First, let us put aside petty education battles and collectively name what our first, second and third priorities must be: the immediate needs of our students, families and elders. There is massive need on a scale that is only beginning to unfold. Our traditional notions of “need” must now be thrown out the window in 2020. The work there will both guide the way forward and show us what this new world demands of us. Only if and when we work to support our communities can we move to the next stage of the conversation. Kids around our country and world deal with these challenges during wartime, famine or disasters regularly — we just have not experienced it on this scale. If we are in the business of human development, which I believe we are, then this is a time more than ever to get grounded on supporting the entire child. Too many of my Zoom conferences this week tell me the education community will struggle with this. But unless we focus on our students and families first, we will not deserve their trust in this new world.

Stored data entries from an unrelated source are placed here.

(* Let $A\in\mathbb{R}^{n\times n}$, $C\in\mathbb{R}^{p\times n}$ and $K\in\mathbb{N}$, and let $$\mathcal{O}_K=\begin{bmatrix} C^\top & (CA)^\top & \cdots & (CA^{K-1})^\top\end{bmatrix}^\top\in\mathbb{R}^{pK\times n}.$$ Assume $\mathcal{O}_K$ has full column rank, set $\mathcal{W}_o:=\mathcal{O}_K^\top\mathcal{O}_K$, let $\Sigma_v\in\mathbb{R}^{n\times n}$ with $\Sigma_v\succ 0$, and define $M:=\mathcal{O}_K\mathcal{W}_o^{-1}\mathcal{O}_K^\top$ and $N:=\Sigma_v^{-1/2}\mathcal{W}_o^{-1}\mathcal{O}_K^\top$. Consider the optimization problem $$\max_{R\in\mathbb{R}^{pK\times pK},\ \beta\in\mathbb{R}^+}\ \beta\quad\text{subject to}\quad N^\top N+R-MRM\succeq \beta I_{pK}.$$ The optimal value of the objective function is $\beta_{\mathrm{opt}}=\lambda_{\min}(\Sigma_v^{-1}\mathcal{W}_o^{-1})$.
   Context: $\Sigma_v^{-1/2}$ denotes the symmetric positive definite square root of $\Sigma_v^{-1}$. $\mathbb{R}^+$ denotes the positive reals. $Y\succeq \beta I$ means $Y-\beta I$ is symmetric positive semidefinite. $\lambda_{\min}(\cdot)$ denotes the smallest eigenvalue (the eigenvalues of $\Sigma_v^{-1}\mathcal{W}_o^{-1}$ are real and positive). *)

theory Defs
  imports "Jordan_Normal_Form.Matrix" "Jordan_Normal_Form.Gauss_Jordan_Elimination"
          "Jordan_Normal_Form.Char_Poly" "Jordan_Normal_Form.DL_Rank"
begin

text \<open>Observability matrix O_K = [C; CA; ...; CA^(K-1)], of size (p*K) x n,
  where p = dim_row C and n = dim_col C. Row i is row (i mod p) of C * A^(i div p).\<close>
definition obs_mat :: "real mat \<Rightarrow> real mat \<Rightarrow> nat \<Rightarrow> real mat" where
  "obs_mat A C K = mat (dim_row C * K) (dim_col C)
     (\<lambda>(i, j). (C * A ^\<^sub>m (i div dim_row C)) $$ (i mod dim_row C, j))"

definition psd_mat :: "real mat \<Rightarrow> bool" where
  "psd_mat Y \<longleftrightarrow> Y \<in> carrier_mat (dim_row Y) (dim_row Y) \<and> transpose_mat Y = Y \<and>
     (\<forall>x \<in> carrier_vec (dim_row Y). x \<bullet> (Y *\<^sub>v x) \<ge> 0)"

definition pd_mat :: "real mat \<Rightarrow> bool" where
  "pd_mat Y \<longleftrightarrow> Y \<in> carrier_mat (dim_row Y) (dim_row Y) \<and> transpose_mat Y = Y \<and>
     (\<forall>x \<in> carrier_vec (dim_row Y). x \<noteq> 0\<^sub>v (dim_row Y) \<longrightarrow> x \<bullet> (Y *\<^sub>v x) > 0)"

definition psd_ge :: "real mat \<Rightarrow> real \<Rightarrow> bool" where
  "psd_ge Y \<beta> \<longleftrightarrow> psd_mat (Y - \<beta> \<cdot>\<^sub>m 1\<^sub>m (dim_row Y))"

definition minv :: "real mat \<Rightarrow> real mat" where
  "minv X = the (mat_inverse X)"

definition pd_sqrt :: "real mat \<Rightarrow> real mat" where
  "pd_sqrt S = (THE R. R \<in> carrier_mat (dim_row S) (dim_row S) \<and> pd_mat R \<and> R * R = S)"

definition lambda_min :: "real mat \<Rightarrow> real" where
  "lambda_min X = Min {k. eigenvalue X k}"

end

theory Submission
  imports Defs
begin

(* Write W = O^T O and, for x in R^(pK), y = W^-1 O^T x for the least-squares coefficient of x,
   so that M x = O y is the orthogonal projection of x onto the range of O. The quadratic form of
   N^T N + R - M R M - beta I at x is then
     y^T Sigma^-1 y + x^T R x - (M x)^T R (M x) - beta |x|^2.
   For R = mu (I - M) the two R-terms add up to mu (|x|^2 - y^T W y), since M is a projection, and
   the form becomes y^T Sigma^-1 y - mu y^T W y. This is nonnegative for every y when mu is the
   smallest eigenvalue of the pencil (Sigma^-1, W), which is lambda_min (Sigma^-1 W^-1).
   Conversely, at x = O y the R-terms cancel because M x = x, so a feasible beta satisfies
   beta y^T W y <= y^T Sigma^-1 y, and a generalized eigenvector y gives beta <= mu.
   The Rayleigh-quotient description of mu, and the square roots, come from the spectral theorem
   for real symmetric matrices, proved by Householder deflation. *)

section \<open>Quadratic forms and diagonal matrices\<close>

lemma scalar_prod_self_pos_iff:
  fixes v :: "real vec"
  assumes "v \<in> carrier_vec n"
  shows "0 < v \<bullet> v \<longleftrightarrow> v \<noteq> 0\<^sub>v n"
  using conjugate_square_greater_0_vec[OF assms] by simp

lemma quad_form_add:
  fixes A B :: "'a :: comm_semiring_0 mat"
  assumes "A \<in> carrier_mat m m" "B \<in> carrier_mat m m" "x \<in> carrier_vec m"
  shows "x \<bullet> ((A + B) *\<^sub>v x) = x \<bullet> (A *\<^sub>v x) + x \<bullet> (B *\<^sub>v x)"
  using assms by (simp add: add_mult_distrib_mat_vec scalar_prod_add_distrib[of _ m])

lemma quad_form_minus:
  fixes A B :: "'a :: comm_ring mat"
  assumes "A \<in> carrier_mat m m" "B \<in> carrier_mat m m" "x \<in> carrier_vec m"
  shows "x \<bullet> ((A - B) *\<^sub>v x) = x \<bullet> (A *\<^sub>v x) - x \<bullet> (B *\<^sub>v x)"
  using assms by (simp add: minus_mult_distrib_mat_vec scalar_prod_minus_distrib[of _ m])
(* Let $H\in(1/2,1)$ and $c\in(0,2^{2H-2})$, and let $T^\circ$ be the $\mathbb{N}$-valued random variable with \[ P(T^\circ=1)=c\,L^\circ_H(\{1,2\})=c,\qquad P(T^\circ=k)=c\,D^\circ_H(\{1,k+1\},\{2,3,\dots,k\})\ \ (k\ge2). \] Then $E(T^\circ)=\infty$, and there is a slowly varying function $L_2$ (depending on the parameters) such that $P(T^\circ>t)=t^{1-2H}L_2(t)$.
   Context: For a finite set $A=\{i_0<\dots<i_k\}\subset\mathbb{N}\cup\{0\}$ with $|A|\ge1$ define $L^\circ_H(A)=\prod_{j=1}^{k}|i_j-i_{j-1}|^{2H-2}$ (equal to $1$ if $|A|=1$), and for disjoint finite $A\ne\emptyset$, $B$ define $D^\circ_H(A,B)=\sum_{B'\subseteq B}(-1)^{|B'|}c^{|B'|}L^\circ_H(A\cup B')$. Equivalently, $T^\circ$ has the law of $\min\{i\ge1:X^*_i=1\}$ for the GBP-II$^*$ process $(X^*_i)_{i\in\mathbb{N}}$, the $\{0,1\}$-valued process with $P(\bigcap_{i\in A}\{X^*_i=1\}\cap\bigcap_{i\in B}\{X^*_i=0\})=c^{|A|}D^\circ_H(A\cup\{0\},B)$ for disjoint finite $A,B\subset\mathbb{N}$; in that process successive gaps between 1's are i.i.d. copies of $T^\circ$. *)

theory Defs
  imports "HOL-Probability.Probability"
begin

definition Lcirc :: "real \<Rightarrow> nat set \<Rightarrow> real" where
  "Lcirc H A = (let xs = sorted_list_of_set A in
     (\<Prod>j\<in>{1..<length xs}. real (xs ! j - xs ! (j - 1)) powr (2 * H - 2)))"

Second, my ask to all of us now is to accept both change and continuity. Hold both in perspective. In this time of rapid transition, it seems clear that the COVID-19 crisis of 2020 will radically change our lives and our ways of operating in education. Many will declare the future to look like this or that. But much of that was already happening. Massive shifts in the way we educate children and unwind the worst of the previous century’s system have been underway for decades and belong to both sides of the now-antiquated education reform debates. Before we declare a path forward, we must hold both truths.

Lastly, and perhaps most significantly, let us dream together of a new world. A crisis builds new capacity because the old has been shaken and we get to foster emergent newness into being. Let us practice abundance instead of scarcity as we dream. This time in isolation should be a time for reconnecting with ourselves, because that is where all change begins. Next, we should connect with family, old friends and colleagues and start dialogues about what is possible. Then we can bring more and more communities into the conversation and strive to hold abundance as our dreams reach tension, as they inevitably will.

Maybe then we can bring a new and better world into existence. One that creates real and meaningful opportunity and lives for all children and adults. One that our communities deserve.

I believe we can.

Landon Mascareñaz is vice president for community partnership at the Colorado Education Initiative and a state board member for the Colorado Community College system.